There are issues with data being missing from HES APC, HES APC OTR and NACSA.

Will hard code some of these here for time being, to get datasets as at the same archived_on date to align for HES APC, and the best version of NACSA.

In [0]:
# hes_apc_all = spark.table(f'dars_nic_391419_j3w9t_collab.hes_apc_all_years_archive')
# display(hes_apc_all.select("archived_on").groupBy("archived_on").count())

In [0]:
# hes_apc_otr_all = spark.table(f'dars_nic_391419_j3w9t_collab.hes_apc_otr_all_years_archive')
# display(hes_apc_otr_all.select("archived_on").groupBy("archived_on").count())

In [0]:
# hes_apc_otr_all = spark.table(f'dars_nic_391419_j3w9t_collab.hes_apc_otr_all_years_archive')
# display(hes_apc_otr_all.select("archived_on").groupBy("archived_on").count())

In [0]:
# nacsa = spark.table(f'dars_nic_391419_j3w9t_collab.nicor_acs_combined_dars_nic_391419_j3w9t_archive')
# display(nacsa.select("archived_on").groupBy("archived_on").count())

In [0]:
# tavi = spark.table(f'dars_nic_391419_j3w9t_collab.nicor_tavi_dars_nic_391419_j3w9t_archive')
# display(tavi.select("archived_on").groupBy("archived_on").count())

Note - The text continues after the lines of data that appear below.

(* Any categorial sequential allocation mechanism with all agents optimistic has worst-case egalitarian rank equal to $n^p$ (the largest possible).
   Context: Basic categorized domain: $n$ agents, $p$ categories $D_i=\{1,\ldots,n\}$ of indivisible items, bundles $\mathfrak D=D_1\times\cdots\times D_p$; each agent $j$ has a linear order $R_j$ over $\mathfrak D$; a profile is $P_n=(R_1,\ldots,R_n)$. $\mathrm{Rank}(R,\vec d)$ is the position of $\vec d$ in $R$ (top $=1$, bottom $=n^p$). CSAM $f_\mathcal O$: given a linear order $\mathcal O$ over $\{1,\ldots,n\}\times\{1,\ldots,p\}$, in rounds $t=1,\ldots,np$, if the $t$-th element of $\mathcal O$ is $(j,i)$ then agent $j$ chooses an item $d_{j,i}$ from $D_{i,t}$, the items of $D_i$ not yet chosen at the start of round $t$. Agent $j$ receives $f^j_\mathcal O(P_n)=(d_{j,1},\ldots,d_{j,p})$. An optimistic agent $j$ choosing from $D_i$ in round $t$ picks the $i$-th component of her top-ranked bundle among available bundles, where a bundle is available to her if for each category $l$ from which she has already chosen its $l$-th component equals $d_{j,l}$, and for each other category $l$ its $l$-th component lies in $D_{l,t}$. Worst-case egalitarian rank: $\max_{P_n}\max_{j}\mathrm{Rank}(R_j,f^j_\mathcal O(P_n))$ over all profiles of $n$ agents. *)

theory Defs
  imports Main "HOL-Library.FuncSet"
begin

text \<open>Agents are 1..n, categories are 1..p, the items of each category D_i are 1..n.
  A bundle is an (extensional) function on the categories 1..p with values in 1..n.\<close>

definition bundles :: "nat \<Rightarrow> nat \<Rightarrow> (nat \<Rightarrow> nat) set" where
  "bundles n p = PiE {1..p} (\<lambda>_. {1..n})"

text \<open>A linear order over the bundles is represented by the list of all bundles,
  from the top-ranked one (first) to the bottom-ranked one (last).\<close>

definition is_linear_order :: "nat \<Rightarrow> nat \<Rightarrow> (nat \<Rightarrow> nat) list \<Rightarrow> bool" where
  "is_linear_order n p R \<longleftrightarrow> distinct R \<and> set R = bundles n p"

definition Rank :: "(nat \<Rightarrow> nat) list \<Rightarrow> (nat \<Rightarrow> nat) \<Rightarrow> nat" where
  "Rank R d = length (takeWhile (\<lambda>x. x \<noteq> d) R) + 1"

definition is_profile :: "nat \<Rightarrow> nat \<Rightarrow> (nat \<Rightarrow> (nat \<Rightarrow> nat) list) \<Rightarrow> bool" where
  "is_profile n p P \<longleftrightarrow> (\<forall>j\<in>{1..n}. is_linear_order n p (P j))"

definition is_csam_order :: "nat \<Rightarrow> nat \<Rightarrow> (nat \<times> nat) list \<Rightarrow> bool" where
  "is_csam_order n p Ord \<longleftrightarrow> distinct Ord \<and> set Ord = {1..n} \<times> {1..p}"

text \<open>State of the mechanism: A j l = Some d iff agent j has already chosen item d
  from category l.\<close>

type_synonym alloc_state = "nat \<Rightarrow> nat \<Rightarrow> nat option"

definition remaining :: "nat \<Rightarrow> alloc_state \<Rightarrow> nat \<Rightarrow> nat set" where
  "remaining n A l = {d \<in> {1..n}. \<not> (\<exists>j. A j l = Some d)}"

definition available_bundle :: "nat \<Rightarrow> nat \<Rightarrow> alloc_state \<Rightarrow> nat \<Rightarrow> (nat \<Rightarrow> nat) \<Rightarrow> bool" where
  "available_bundle n p A j b \<longleftrightarrow> b \<in> bundles n p \<and>
     (\<forall>l\<in>{1..p}. (case A j l of Some x \<Rightarrow> b l = x | None \<Rightarrow> b l \<in> remaining n A l))"

definition optimistic_choice ::
  "nat \<Rightarrow> nat \<Rightarrow> (nat \<Rightarrow> (nat \<Rightarrow> nat) list) \<Rightarrow> alloc_state \<Rightarrow> nat \<Rightarrow> nat \<Rightarrow> nat" where
  "optimistic_choice n p P A j i = hd (filter (available_bundle n p A j) (P j)) i"

definition csam_step ::
  "nat \<Rightarrow> nat \<Rightarrow> (nat \<Rightarrow> (nat \<Rightarrow> nat) list) \<Rightarrow> alloc_state \<Rightarrow> nat \<times> nat \<Rightarrow> alloc_state" where
  "csam_step n p P A ji = (case ji of (j, i) \<Rightarrow>
      A(j := (A j)(i := Some (optimistic_choice n p P A j i))))"

definition csam_run ::
  "nat \<Rightarrow> nat \<Rightarrow> (nat \<times> nat) list \<Rightarrow> (nat \<Rightarrow> (nat \<Rightarrow> nat) list) \<Rightarrow> alloc_state" where
  "csam_run n p Ord P = foldl (csam_step n p P) (\<lambda>_ _. None) Ord"

definition csam_alloc ::
  "nat \<Rightarrow> nat \<Rightarrow> (nat \<times> nat) list \<Rightarrow> (nat \<Rightarrow> (nat \<Rightarrow> nat) list) \<Rightarrow> nat \<Rightarrow> (nat \<Rightarrow> nat)" where
  "csam_alloc n p Ord P j = (\<lambda>i. if i \<in> {1..p} then the (csam_run n p Ord P j i) else undefined)"

definition worst_case_egalitarian_rank :: "nat \<Rightarrow> nat \<Rightarrow> (nat \<times> nat) list \<Rightarrow> nat" where
  "worst_case_egalitarian_rank n p Ord =
     Max {Rank (P j) (csam_alloc n p Ord P j) | P j. is_profile n p P \<and> j \<in> {1..n}}"

end

theory Submission
  imports Defs
begin

text \<open>Call step t of the order cornered if a rival of the agent picking at step t has not
  yet picked from the current category, while every later category of that agent has already
  been picked by all her rivals. Some agent j0 is never cornered: otherwise, at the last cornered
  step T, a rival a of the agent j picking category f at T picks from f only after T, yet at
  a's own (earlier) cornered step all rivals of a, including j, had already picked from f.

  Let all agents other than j0 rank bundles by their number of components equal to 1, fewest
  first, and let j0 rank the all-ones bundle last and the other bundles by the total weight of
  the categories where they differ from 1, a category weighing more the earlier j0 picks from
  it. By induction over the rounds, no rival takes item 1 of a category before j0 has picked
  from it (a rival would rather swap it for a spare item), and j0 always picks item 1: if all
  her rivals have already picked her current category, item 1 is the only item left; otherwise,
  as she is not cornered, a later category of hers still has a spare item, and deviating from 1
  only there beats every bundle deviating in the current category. So j0 receives her bottom
  bundle, of rank n^p, the largest rank possible.\<close>

section \<open>Runs of the mechanism\<close>

abbreviation run_prefix ::
  "nat \<Rightarrow> nat \<Rightarrow> (nat \<Rightarrow> (nat \<Rightarrow> nat) list) \<Rightarrow> (nat \<times> nat) list \<Rightarrow> nat \<Rightarrow> alloc_state" where
  "run_prefix n p P Ord t \<equiv> foldl (csam_step n p P) (\<lambda>_ _. None) (take t Ord)"

lemma run_prefix_Suc:
  "t < length Ord \<Longrightarrow>
    run_prefix n p P Ord (Suc t) = csam_step n p P (run_prefix n p P Ord t) (Ord ! t)"
  by (simp add: take_Suc_conv_app_nth)

lemma csam_run_eq_run_prefix: "csam_run n p Ord P = run_prefix n p P Ord (length Ord)"
  by (simp add: csam_run_def)

lemma csam_step_apply:
  "csam_step n p P A (j, i) j' l =
    (if j' = j \<and> l = i then Some (optimistic_choice n p P A j i) else A j' l)"
  by (simp add: csam_step_def)

definition consistent_state :: "nat \<Rightarrow> alloc_state \<Rightarrow> (nat \<times> nat) set \<Rightarrow> bool" where
  "consistent_state n A S \<longleftrightarrow> (\<forall>j l. A j l \<noteq> None \<longleftrightarrow> (j, l) \<in> S) \<and>
     (\<forall>j l d. A j l = Some d \<longrightarrow> d \<in> {1..n}) \<and>
     (\<forall>j1 j2 l d. A j1 l = Some d \<longrightarrow> A j2 l = Some d \<longrightarrow> j1 = j2)"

HES APC and HES APC OPT "2023-04-27" <br>
NICOR NACSA will use "2023-03-31"

In [0]:
# hes_apc_count = (
#     spark.table(f'dars_nic_391419_j3w9t_collab.hes_apc_all_years_archive')
#                 .filter(f.col("archived_on")=="2023-04-27").count()
#     )

# hes_apc_otr_count = (
#     spark.table(f'dars_nic_391419_j3w9t_collab.hes_apc_otr_all_years_archive')
#                 .filter(f.col("archived_on")=="2023-04-27").count()
#     )

nacsa_count = (
    spark.table(f'dars_nic_391419_j3w9t_collab.nicor_acs_combined_dars_nic_391419_j3w9t_archive')
    .filter(f.col("archived_on")=="2023-03-31").count()
)


tavi_count = (
    spark.table(f'dars_nic_391419_j3w9t_collab.nicor_tavi_dars_nic_391419_j3w9t_archive')
    .filter(f.col("archived_on")=="2023-03-31").count()
)

In [0]:
if(run_all_toggle):
    parameters_df_datasets = (
        parameters_df_datasets
        # .withColumn("archived_on", f.when(f.col("dataset")=="hes_apc","2023-04-27").otherwise(f.col("archived_on")))
        # .withColumn("archived_on", f.when(f.col("dataset")=="hes_apc_otr","2023-04-27").otherwise(f.col("archived_on")))
        .withColumn("archived_on", f.when(f.col("dataset")=="nacsa","2023-03-31").otherwise(f.col("archived_on")))
        .withColumn("archived_on", f.when(f.col("dataset")=="tavi","2023-03-31").otherwise(f.col("archived_on")))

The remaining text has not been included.